Based on the September IBD index released earlier this week, however, the situation deteriorated in early September. Confidence about government economic policies and leadership were at their lowest points in well over two years, while financial stress remains high.
The preliminary Michigan index for September to be released on Friday is likely to show a similar outcome after rising in the previous month. Low mortgage rates and gasoline prices are usually positives for sentiment, but the noise coming from the other issues of the day is even louder.
Business inventories steady in July as sales surge
Following this Thursday’s release of the July wholesale data, the stage is set for the business inventory and sales data on Wednesday.
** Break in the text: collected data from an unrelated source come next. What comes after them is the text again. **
lemma descending_chain_limit:
  fixes d :: "'a \<Rightarrow> 'a \<Rightarrow> real" and \<phi> :: "'a \<Rightarrow> ereal"
  assumes qp: "quasi_pseudometric d" and compl: "seq_right_K_complete d"
    and ninf: "\<forall>x. \<phi> x \<noteq> -\<infinity>" and bdd: "\<forall>x. ereal c \<le> \<phi> x" and nlsc: "nearly_lsc d \<phi>"
    and chain: "\<And>n. xs (Suc n) \<in> Sset d \<phi> (xs n)"
    and desc: "\<And>n. \<phi> (xs (Suc n)) < \<phi> (xs n)" and fin: "\<phi> (xs 0) < \<infinity>"
  obtains z where "\<And>n. z \<in> Sset d \<phi> (xs n)" and "\<phi> z \<le> (INF n. \<phi> (xs n))"
proof -
  have "decseq (\<lambda>n. \<phi> (xs n))"
    using desc by (intro decseq_SucI less_imp_le)
  then have "\<phi> (xs n) < \<infinity>" for n
    using decseqD[of "\<lambda>n. \<phi> (xs n)" 0 n] fin by auto
  define f where "f n = real_of_ereal (\<phi> (xs n))" for n
  have f: "\<phi> (xs n) = ereal (f n)" for n
    using \<open>\<phi> (xs n) < \<infinity>\<close> ninf by (cases "\<phi> (xs n)") (auto simp: f_def)
  have f_desc: "f (Suc n) < f n" for n
    using desc[of n] by (simp add: f)
  have "decseq f"
    using f_desc by (intro decseq_SucI less_imp_le)
  moreover have "c \<le> f i" for i
    using spec[OF bdd, of "xs i"] by (simp add: f)
  ultimately obtain L where L: "f \<longlonglongrightarrow> L" "\<forall>i. L \<le> f i"
    using decseq_convergent[of f c] by blast
  have decr: "d (xs (n + k)) (xs n) \<le> f n - f (n + k)" for n k
    using Sset_chain[where xs = xs and n = n and k = k, OF qp ninf chain]
      Sset_ereal_iff[of \<phi> "xs n" "f n" "xs (n + k)" d] f ninf by fastforce
  obtain z where z: "qconv d xs z"
    using compl right_K_Cauchy_if_dist_le_decrement[where d = d and xs = xs,
        OF LIMSEQ_imp_Cauchy[OF L(1)] decr]
    unfolding seq_right_K_complete_def by blast
  have "\<phi> z \<le> liminf (\<lambda>n. \<phi> (xs n))"
    using nlsc inj_if_strict_descent[where \<phi> = \<phi> and xs = xs, OF desc] z
    unfolding nearly_lsc_def by blast
  also have "liminf (\<lambda>n. \<phi> (xs n)) = ereal L"
    unfolding f by (intro lim_imp_Liminf tendsto_ereal L(1)) simp
  finally have zL: "\<phi> z \<le> ereal L" .
  show thesis
  proof
    obtain b where b: "\<phi> z = ereal b" "b \<le> L"
      using zL ninf by (cases "\<phi> z") auto
    show "z \<in> Sset d \<phi> (xs n)" for n
      using qconv_dist_le_decrement[where f = f and n = n, OF qp z L(1) decr] b
        Sset_ereal_iff[of \<phi> "xs n" "f n" z d] f ninf by fastforce
    show "\<phi> z \<le> (INF n. \<phi> (xs n))"
    proof (rule order_trans[OF zL], rule INF_greatest)
      show "ereal L \<le> \<phi> (xs n)" for n
        using L(2) by (simp add: f)
    qed
  qed
qed
definition Dlt0 :: "real \<Rightarrow> real \<Rightarrow> real \<Rightarrow> real \<Rightarrow> real \<Rightarrow> (nat \<Rightarrow> real) \<Rightarrow> nat \<Rightarrow> nat \<Rightarrow> real" where
  "Dlt0 lam mul muh c R h n x = vs0 lam mul muh c R h n x - vs0 lam mul muh c R h n (Suc x)"

definition Thr :: "(nat \<Rightarrow> real) \<Rightarrow> real \<Rightarrow> ereal" where
  "Thr f \<theta> = (if {k. f k \<le> \<theta>} = {} then -1 else Sup ((\<lambda>k. ereal (real k)) ` {k. f k \<le> \<theta>}))"

definition Bs :: "real \<Rightarrow> real \<Rightarrow> real \<Rightarrow> real \<Rightarrow> real \<Rightarrow> (nat \<Rightarrow> real) \<Rightarrow> nat \<Rightarrow> ereal" where
  "Bs lam mul muh c R h n = 1 + Thr (Dlt0 lam mul muh c R h n) (c / (muh - mul))"

definition Bd :: "real \<Rightarrow> real \<Rightarrow> real \<Rightarrow> real \<Rightarrow> real \<Rightarrow> (nat \<Rightarrow> real) \<Rightarrow> nat \<Rightarrow> ereal" where
  "Bd lam mul muh c R h n = Thr (Dlt0 lam mul muh c R h n) R"

datatype rate = Low | High

text \<open>Admission decision a^d_n(x) (1 = admit, 0 = reject), for n >= 1 steps remaining.\<close>
definition adm :: "real \<Rightarrow> real \<Rightarrow> real \<Rightarrow> real \<Rightarrow> real \<Rightarrow> (nat \<Rightarrow> real) \<Rightarrow> nat \<Rightarrow> nat \<Rightarrow> nat" where
  "adm lam mul muh c R h n x = (if Dlt0 lam mul muh c R h n x \<le> R then 1 else 0)"

text \<open>Service-rate decision a^s_{n+1}(x) with n+1 steps remaining.\<close>
definition srv :: "real \<Rightarrow> real \<Rightarrow> real \<Rightarrow> real \<Rightarrow> real \<Rightarrow> (nat \<Rightarrow> real) \<Rightarrow> nat \<Rightarrow> nat \<Rightarrow> rate" where
  "srv lam mul muh c R h n x =
     (if x = 0 then Low
      else if Dlt0 lam mul muh c R h n (x - 1) \<le> c / (muh - mul) then Low else High)"

end

theory Submission
  imports Defs
begin

(* Everything rests on one structural fact about the value functions: for every
   horizon n the differences D_n(x) = v_n(x,0) - v_n(x+1,0) are nonnegative and
   nondecreasing in x (convexity of v_n).  This is proved by induction on n: the
   one-step recursion, differenced in x, writes D_{n+1}(x) as a sum of the
   holding-cost increment, an admission term, a low-rate service term and a
   service-rate choice term, each of which inherits nonnegativity and
   monotonicity from D_n.

   Independently, we show that for ANY nondecreasing sequence D and thresholds
   R <= theta, the threshold functions T_D(R) and 1 + T_D(theta) split the state
   space into the three regions of the proposition, described by the tests
   D(x) <= R and D(x-1) <= theta. *)

lemma Thr_empty: "{k. f k \<le> t} = {} \<Longrightarrow> Thr f t = -1"
  unfolding Thr_def by (rule if_P)

lemma Thr_nonempty:
  "{k. f k \<le> t} \<noteq> {} \<Longrightarrow> Thr f t = Sup ((\<lambda>k. ereal (real k)) ` {k. f k \<le> t})"
  unfolding Thr_def by (rule if_not_P)

lemma Thr_ge_minus_one: "-1 \<le> Thr f t"
proof (cases "{k. f k \<le> t} = {}")
  case False
  then obtain k where "f k \<le> t" by auto
  then have "ereal (real k) \<le> Sup ((\<lambda>k. ereal (real k)) ` {k. f k \<le> t})"
    by (intro Sup_upper) auto
  moreover have "-1 \<le> ereal (real k)" by (rule order_trans[of _ 0]) auto
  ultimately show ?thesis using Thr_nonempty[OF False] by simp
qed (simp add: Thr_empty)

text \<open>Raising the level enlarges the sublevel set, hence raises the threshold.\<close>
lemma Thr_mono:
  assumes "t1 \<le> t2"
  shows "Thr f t1 \<le> Thr f t2"
proof (cases "{k. f k \<le> t1} = {}")
  case True
  then show ?thesis using Thr_ge_minus_one[of f t2] by (simp add: Thr_empty)
next
  case False
  have sub: "{k. f k \<le> t1} \<subseteq> {k. f k \<le> t2}" using assms by auto
  then have ne: "{k. f k \<le> t2} \<noteq> {}" using False by auto
  have "Sup ((\<lambda>k. ereal (real k)) ` {k. f k \<le> t1})
      \<le> Sup ((\<lambda>k. ereal (real k)) ` {k. f k \<le> t2})"
    using sub by (intro Sup_subset_mono) auto
  then show ?thesis using Thr_nonempty[OF False] Thr_nonempty[OF ne] by simp
qed

lemma above_Thr:
  assumes "Thr f t < ereal (real x)"
  shows "t < f x"
proof (rule ccontr)
  assume "\<not> t < f x"
  then have fx: "f x \<le> t" by simp
  then have ne: "{k. f k \<le> t} \<noteq> {}" by auto
  have "ereal (real x) \<le> Sup ((\<lambda>k. ereal (real k)) ` {k. f k \<le> t})"
    using fx by (intro Sup_upper) auto
  with assms show False by (simp add: Thr_nonempty[OF ne])
qed

text \<open>For a nondecreasing sequence the sublevel set is an initial segment, so every
  point up to the threshold lies in it.\<close>
lemma upto_Thr:
  assumes "mono f" and "ereal (real x) \<le> Thr f t"
  shows "f x \<le> t"
proof (rule ccontr)
  assume "\<not> f x \<le> t"
  then have below_x: "real k \<le> real x - 1" if "f k \<le> t" for k
  proof -
    have "k < x" using that monoD[OF assms(1), of x k] \<open>\<not> f x \<le> t\<close> by (cases "x \<le> k") auto
    then show ?thesis by linarith
  qed
  show False
  proof (cases "{k. f k \<le> t} = {}")
    case True
    then have "ereal (real x) \<le> -1" using assms(2) by (simp add: Thr_empty)
    moreover have "(-1::ereal) < ereal (real x)" by (rule less_le_trans[of _ 0]) auto
    ultimately show False by simp
  next
    case False
    have "Sup ((\<lambda>k. ereal (real k)) ` {k. f k \<le> t}) \<le> ereal (real x - 1)"
      using below_x by (intro Sup_least) auto
    then have "ereal (real x) \<le> ereal (real x - 1)"
      using assms(2) Thr_nonempty[OF False] by (metis order_trans)
    then show False by simp
  qed
qed

text \<open>Shifting by one: the service threshold is 1 + T, tested at the predecessor x - 1.\<close>
lemma ereal_le_one_plus_iff:
  "0 < x \<Longrightarrow> ereal (real x) \<le> 1 + T \<longleftrightarrow> ereal (real (x - 1)) \<le> T"
  by (cases T) (auto simp: of_nat_diff one_ereal_def)

lemma policy_admit_region:
  assumes "mono D" and "R \<le> \<theta>" and "ereal (real x) \<le> Thr D R"
  shows "D x \<le> R \<and> (0 < x \<longrightarrow> D (x - 1) \<le> \<theta>)"
proof -
  have "D x \<le> R" using upto_Thr[OF assms(1,3)] .
  moreover have "D (x - 1) \<le> D x" using monoD[OF assms(1)] by simp
  ultimately show ?thesis using assms(2) by linarith
qed

lemma policy_reject_low_region:
  assumes "mono D" and "Thr D R < ereal (real x)" and "ereal (real x) \<le> 1 + Thr D \<theta>"
  shows "R < D x \<and> (0 < x \<longrightarrow> D (x - 1) \<le> \<theta>)"
  using above_Thr[OF assms(2)] upto_Thr[OF assms(1)] assms(3)
  by (auto simp: ereal_le_one_plus_iff)

lemma policy_high_region:
  assumes "mono D" and "R \<le> \<theta>" and "1 + Thr D \<theta> < ereal (real x)"
  shows "0 < x \<and> \<theta> < D (x - 1) \<and> R < D x"
proof -
  have "0 < x"
    using assms(3) Thr_ge_minus_one[of D \<theta>]
    by (cases "Thr D \<theta>") (auto simp: one_ereal_def)
  moreover have "\<not> ereal (real x) \<le> 1 + Thr D \<theta>" using assms(3) by simp
  ultimately have "\<not> ereal (real (x - 1)) \<le> Thr D \<theta>" using ereal_le_one_plus_iff by blast
  then have "Thr D \<theta> < ereal (real (x - 1))" by (meson not_le)
  then have "\<theta> < D (x - 1)" by (rule above_Thr)
  moreover have "D (x - 1) \<le> D x" using monoD[OF assms(1)] by simp
  ultimately show ?thesis using \<open>0 < x\<close> assms(2) by linarith
qed

text \<open>Differencing the admission maximum max(R + v(x+1), v(x)) in x, where a, b, e are
  the values at x, x+1, x+2: when the differences a - b \<le> b - e are nondecreasing, the
  result is the difference b - e capped by max(a - b, R).\<close>
lemma max_admission_diff:
  fixes a b e R :: real
  assumes "a - b \<le> b - e"
  shows "max (R + b) a - max (R + e) b = min (b - e) (max (a - b) R)"
  using assms by (simp add: max_def min_def)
The pattern should be a familiar one by now – it’s the same one seen in the past two months.
July business inventories are on track to rise by only 0.1%, pending a revision to the 1.2% gain in the retail inventories number from the advance reading. Wholesale inventories fell by 0.3%, while factory inventories fell by 0.5%. This follows large declines in May and June.
Based on data already released, business sales are on track to rise by 3.3%. Retail sales were up 0.8% in July, but are subject to revision with the retail sales release. Wholesale sales and factory shipments both rose by 4.6% in July. The increase in overall sales would follow sharp gains in the previous two months.
US Inventories and Sales to Date
Source: US Commerce Department
Separately, from Extract Analytics, the stock market preview snapshot for the upcoming week shows the recent equity market rebound is morphing into a “bearish flag” consolidation across many major indices.